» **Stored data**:

-.-.-

definition adversary :: "nat \<Rightarrow> nat \<Rightarrow> adversary" where
  "adversary m T = bind_pmf (pmf_of_set ({0..m} \<times> words m)) (\<lambda>(J, \<sigma>).
     map_pmf (\<lambda>u. (prefix_concept (take J \<sigma>), children (2*m) (take J \<sigma>), injected m J,
                   \<lambda>t. child (take (t div m) \<sigma>) (u ! t)))
       (draws (\<lambda>_. pmf_of_set {..<2*m}) T))"

lemma prefix_concept_take_child:
  assumes "J \<le> length \<sigma>"
  shows "prefix_concept (take J \<sigma>) (child (take b \<sigma>) k) \<longleftrightarrow> b < J \<and> \<sigma> ! b = k"
proof (cases "b < J")
  case True
  have prefix_iff_take: "prefix xs ys \<longleftrightarrow> length xs \<le> length ys \<and> take (length xs) ys = xs"
    for xs ys :: "nat list"
    by (metis append_eq_conv_conj prefix_def prefix_length_le)
  have "take (Suc b) (take J \<sigma>) = take b \<sigma> @ [\<sigma> ! b]"
    using True assms by (simp add: take_Suc_conv_app_nth)
  then show ?thesis
    using True assms by (auto simp: prefix_concept_def child_def prefix_iff_take min_def)
next
  case False
  then show ?thesis
    using assms by (auto simp: prefix_concept_def child_def dest!: prefix_length_le)
qed

lemma child_eq_child_iff: "child v i = child v' i' \<longleftrightarrow> v = v' \<and> i = i'"
  by (simp add: child_def list_encode_eq)

lemma finite_words: "finite (words m)"
  unfolding words_def by (rule finite_lists_length_eq) simp

lemma words_nonempty: "words m \<noteq> {}"
  by (auto simp: words_def intro!: exI[of _ "replicate m 0"])

lemma set_pmf_children: "0 < k \<Longrightarrow> set_pmf (children k v) = child v ` {..<k}"
  by (simp add: children_def lessThan_empty_iff)

lemma finite_set_pmf_children: "0 < k \<Longrightarrow> finite (set_pmf (children k v))"
  by (simp add: set_pmf_children)

lemma expectation_children:
  "0 < k \<Longrightarrow> measure_pmf.expectation (children k v) g = (\<Sum>i<k. g (child v i)) / real k"
  by (simp add: children_def integral_pmf_of_set lessThan_empty_iff)

lemma finite_set_pmf_schedule: "0 < m \<Longrightarrow> finite (set_pmf (schedule m J \<sigma> t))"
  by (simp add: schedule_def finite_set_pmf_children)

lemma schedule_eq_children:
  assumes "r div m \<le> j" "j \<le> J" "take j \<sigma>' = take j \<sigma>"
  shows "schedule m J \<sigma>' r = children (2*m) (take (r div m) \<sigma>)"
  using assms by (simp add: schedule_def min_def) (metis min.absorb1 take_take)

lemma play_view_schedule:
  assumes "t div m \<le> J" "take (t div m) \<sigma>' = take (t div m) \<sigma>"
  shows "play_view L c (schedule m J \<sigma>') t = play_view L c (\<lambda>r. children (2*m) (take (r div m) \<sigma>)) t"
  using assms by (intro play_view_cong schedule_eq_children) (auto intro: div_le_mono)

lemma set_pmf_adversary: "a \<in> set_pmf (adversary m T) \<Longrightarrow> fst a \<in> range prefix_concept"
  by (auto simp: adversary_def finite_words words_nonempty)

lemma game_adversary:
  "game (adversary m T) L T = bind_pmf (pmf_of_set ({0..m} \<times> words m))
     (\<lambda>(J, \<sigma>). play L (prefix_concept (take J \<sigma>)) (schedule m J \<sigma>) (injected m J) T)"
proof -
  have "bind_pmf (draws (\<lambda>_. pmf_of_set {..<2*m}) T) (\<lambda>u.
      run L (prefix_concept (take J \<sigma>)) (children (2*m) (take J \<sigma>)) (injected m J)
        (\<lambda>t. child (take (t div m) \<sigma>) (u ! t)) T)
    = play L (prefix_concept (take J \<sigma>)) (schedule m J \<sigma>) (injected m J) T" for J \<sigma>
  proof -
    define Y where "Y = (\<lambda>t i. if injected m J t then return_pmf (child (take (t div m) \<sigma>) i)
                                else children (2*m) (take J \<sigma>))"
    have "bind_pmf (pmf_of_set {..<2*m}) (Y t) = schedule m J \<sigma> t" for t
      by (cases "t div m < J") (simp_all add: Y_def schedule_def injected_def children_def map_pmf_def)
    moreover have "run L (prefix_concept (take J \<sigma>)) (children (2*m) (take J \<sigma>)) (injected m J)
        (\<lambda>t. child (take (t div m) \<sigma>) (u ! t)) T
      = play L (prefix_concept (take J \<sigma>)) (\<lambda>t. Y t (u ! t)) (injected m J) T" for u
      by (simp add: run_eq_play Y_def if_distrib)
    ultimately show ?thesis
      by (simp add: bind_draws_play[where Y = Y])
  qed
  then show ?thesis
    unfolding game_def adversary_def
    by (simp add: bind_assoc_pmf bind_map_pmf case_prod_beta split_beta')
qed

-.-.-

» **INSTRUCTIONS FOR THE TASK**: Where in the records does the word "unfolding" appear? Copy each line that holds it.

» **ANSWER TO THE EXERCISE**:
  unfolding words_def by (rule finite_lists_length_eq) simp
    unfolding game_def adversary_def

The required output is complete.